MOZART; IVES; VERDI String Quartets

Record and Artist Details

Composer or Director: Giuseppe Verdi, Charles Ives, Wolfgang Amadeus Mozart

Genre:

Chamber

Label: Ars Produktion

Media Format: Super Audio CD

Media Runtime: 69

Mastering:

DDD

Catalogue Number: ARS38 156

Tracks:

Composition Artist Credit
String Quartet No. 21 Wolfgang Amadeus Mozart, Composer
Schumann Quartet
Wolfgang Amadeus Mozart, Composer
String Quartet No. 2 Charles Ives, Composer
Charles Ives, Composer
Schumann Quartet
String Quartet Giuseppe Verdi, Composer
Giuseppe Verdi, Composer
Schumann Quartet
The Schumann Quartet – not named after Robert but after the three brothers who are its violinists and cellist – bring a distinctive style to this varied programme. Their bold, forthright manner puts emphasis on clear articulation and strong dynamic contrasts. This approach works least well, perhaps, in the Mozart; it’s a bright, lively performance, certainly, but detached notes can seem excessively short, with changes from piano to forte often overdone. The Quatuor Mosaïques, by contrast, bring out fully the cantabile nature of the themes. Where the Schumanns do this, particularly in the Andante, their playing has a truly appealing character.

The Schumann’s highly dramatic style works wonders in the Ives. The ‘Discussions’ of the first movement and the ‘Arguments’ of the second come vividly to life, while the sense of intense elation towards the close of the finale is achieved with great power. The Blair Quartet, with a narrower expressive range, make the music appear less way-out and perhaps better unified but I can’t help feeling that Ives would have approved of a more uncompromising manner.

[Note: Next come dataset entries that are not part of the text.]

(* Let $\lambda\in\mathbb{C}$, let $C$ be a path, and let $f$ be a function such that all Jackson integrals below converge and all boundary values below exist. Write $K_\lambda(t,x)=\dfrac{(q^{1-\lambda}t/x)_\infty}{(qt/x)_\infty}$. Then $$E_{\lambda;C}[T f](x)=q^{-\lambda-1}\,T_x E_{\lambda;C}[f](x)-x^\lambda\,\frac{1-q}{q}\left[t\,\frac{1-q^{-\lambda}t/x}{1-t/x}\,f(t)\,K_\lambda(t,x)\right]_{t\in\partial C},$$ $$E_{\lambda;C}[D f](x)=q^{-\lambda}\,D_x E_{\lambda;C}[f](x)+x^\lambda\left[\frac{1-q^{-\lambda}t/x}{1-t/x}\,f(t)\,K_\lambda(t,x)\right]_{t\in\partial C},$$ where $Tf$ denotes the function $t\mapsto f(qt)$ and $Df$ denotes the function $t\mapsto \frac{f(t)-f(qt)}{(1-q)t}$.
   Context: Fix $q\in\mathbb{C}$ with $0<|q|<1$. For a function $f$ of $x$: $T_xf(x)=f(qx)$, $D_xf(x)=\frac{f(x)-f(qx)}{(1-q)x}$. $(a)_\infty=\prod_{k\ge0}(1-aq^k)$. $x^\lambda$ denotes a fixed branch with $T_x x^\lambda=q^\lambda x^\lambda$. Jackson integrals: $\int_0^\tau f(t)d_qt=(1-q)\sum_{n\ge0}f(\tau q^n)\tau q^n$ for $\tau\in\mathbb{C}$; $\int_0^{\tau\infty}f(t)d_qt=(1-q)\sum_{n\in\mathbb{Z}}f(\tau q^n)\tau q^n$; for $\tau_1,\tau_2\in\mathbb{C}\cup\mathbb{C}\infty$, $\int_{[\tau_1,\tau_2]}=\int_{[0,\tau_2]}-\int_{[0,\tau_1]}$. A path is a formal linear combination $C=\sum a_iC_i$ of such intervals, with $\int_C=\sum a_i\int_{C_i}$. Boundary values: $[F(t)]_{t\in\partial[\tau_1,\tau_2]}=F(\tau_2)-F(\tau_1)$, extended linearly to paths, where $F(\tau\infty)=\lim_{n\to-\infty}F(\tau q^n)$ and $F(0)$ means $\lim_{n\to+\infty}F(\tau q^n)$. The $q$-Euler type integral transformation is $E_{\lambda;C}[f](x)=x^\lambda\int_C f(t)\,\frac{(q^{1-\lambda}t/x)_\infty}{(qt/x)_\infty}\,d_qt$. *)

theory Defs
  imports "HOL-Analysis.Analysis"
begin

definition qpoch :: "complex \<Rightarrow> complex \<Rightarrow> complex" where
  "qpoch q a = (\<Prod>k. 1 - a * q ^ k)"

text \<open>Powers of q are taken w.r.t. a fixed logarithm ell of q (exp ell = q):
  q^s := exp (s * ell).\<close>
definition qpow :: "complex \<Rightarrow> complex \<Rightarrow> complex" where
  "qpow ell s = exp (s * ell)"

definition qK :: "complex \<Rightarrow> complex \<Rightarrow> complex \<Rightarrow> complex \<Rightarrow> complex \<Rightarrow> complex" where
  "qK q ell lam t x = qpoch q (qpow ell (1 - lam) * t / x) / qpoch q (q * t / x)"

definition qT :: "complex \<Rightarrow> (complex \<Rightarrow> complex) \<Rightarrow> complex \<Rightarrow> complex" where
  "qT q f t = f (q * t)"

definition qD :: "complex \<Rightarrow> (complex \<Rightarrow> complex) \<Rightarrow> complex \<Rightarrow> complex" where
  "qD q f t = (f t - f (q * t)) / ((1 - q) * t)"

text \<open>Basic intervals: Fin_pt tau = [0,tau], Inf_pt tau = [0, tau infinity].
  A path is a formal linear combination (list of coefficient/basic interval pairs);
  [tau1,tau2] is represented as [0,tau2] - [0,tau1].\<close>
datatype qendpt = Fin_pt complex | Inf_pt complex

type_synonym qpath = "(complex \<times> qendpt) list"

fun jint :: "complex \<Rightarrow> (complex \<Rightarrow> complex) \<Rightarrow> qendpt \<Rightarrow> complex" where
  "jint q g (Fin_pt \<tau>) = (1 - q) * (\<Sum>n. g (\<tau> * q ^ n) * (\<tau> * q ^ n))"
| "jint q g (Inf_pt \<tau>) = (1 - q) * ((\<Sum>n. g (\<tau> * q ^ n) * (\<tau> * q ^ n))
      + (\<Sum>n. g (\<tau> * inverse q ^ Suc n) * (\<tau> * inverse q ^ Suc n)))"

It was instructive to compare this account of the Verdi with the Melos Quartet’s 1998 recording. The Schumann’s first movement gives the impression of an operatic conflict, the lyrical main themes contrasting violently with the agitated semiquaver figuration, whereas the Melos, with a more moderate manner, stress the movement’s introspective character. But the Schumann approach can be seen as equally valid; and in the finale of the quartet they have the edge, their brilliant, devil-may-care attitude trumping the more careful Melos.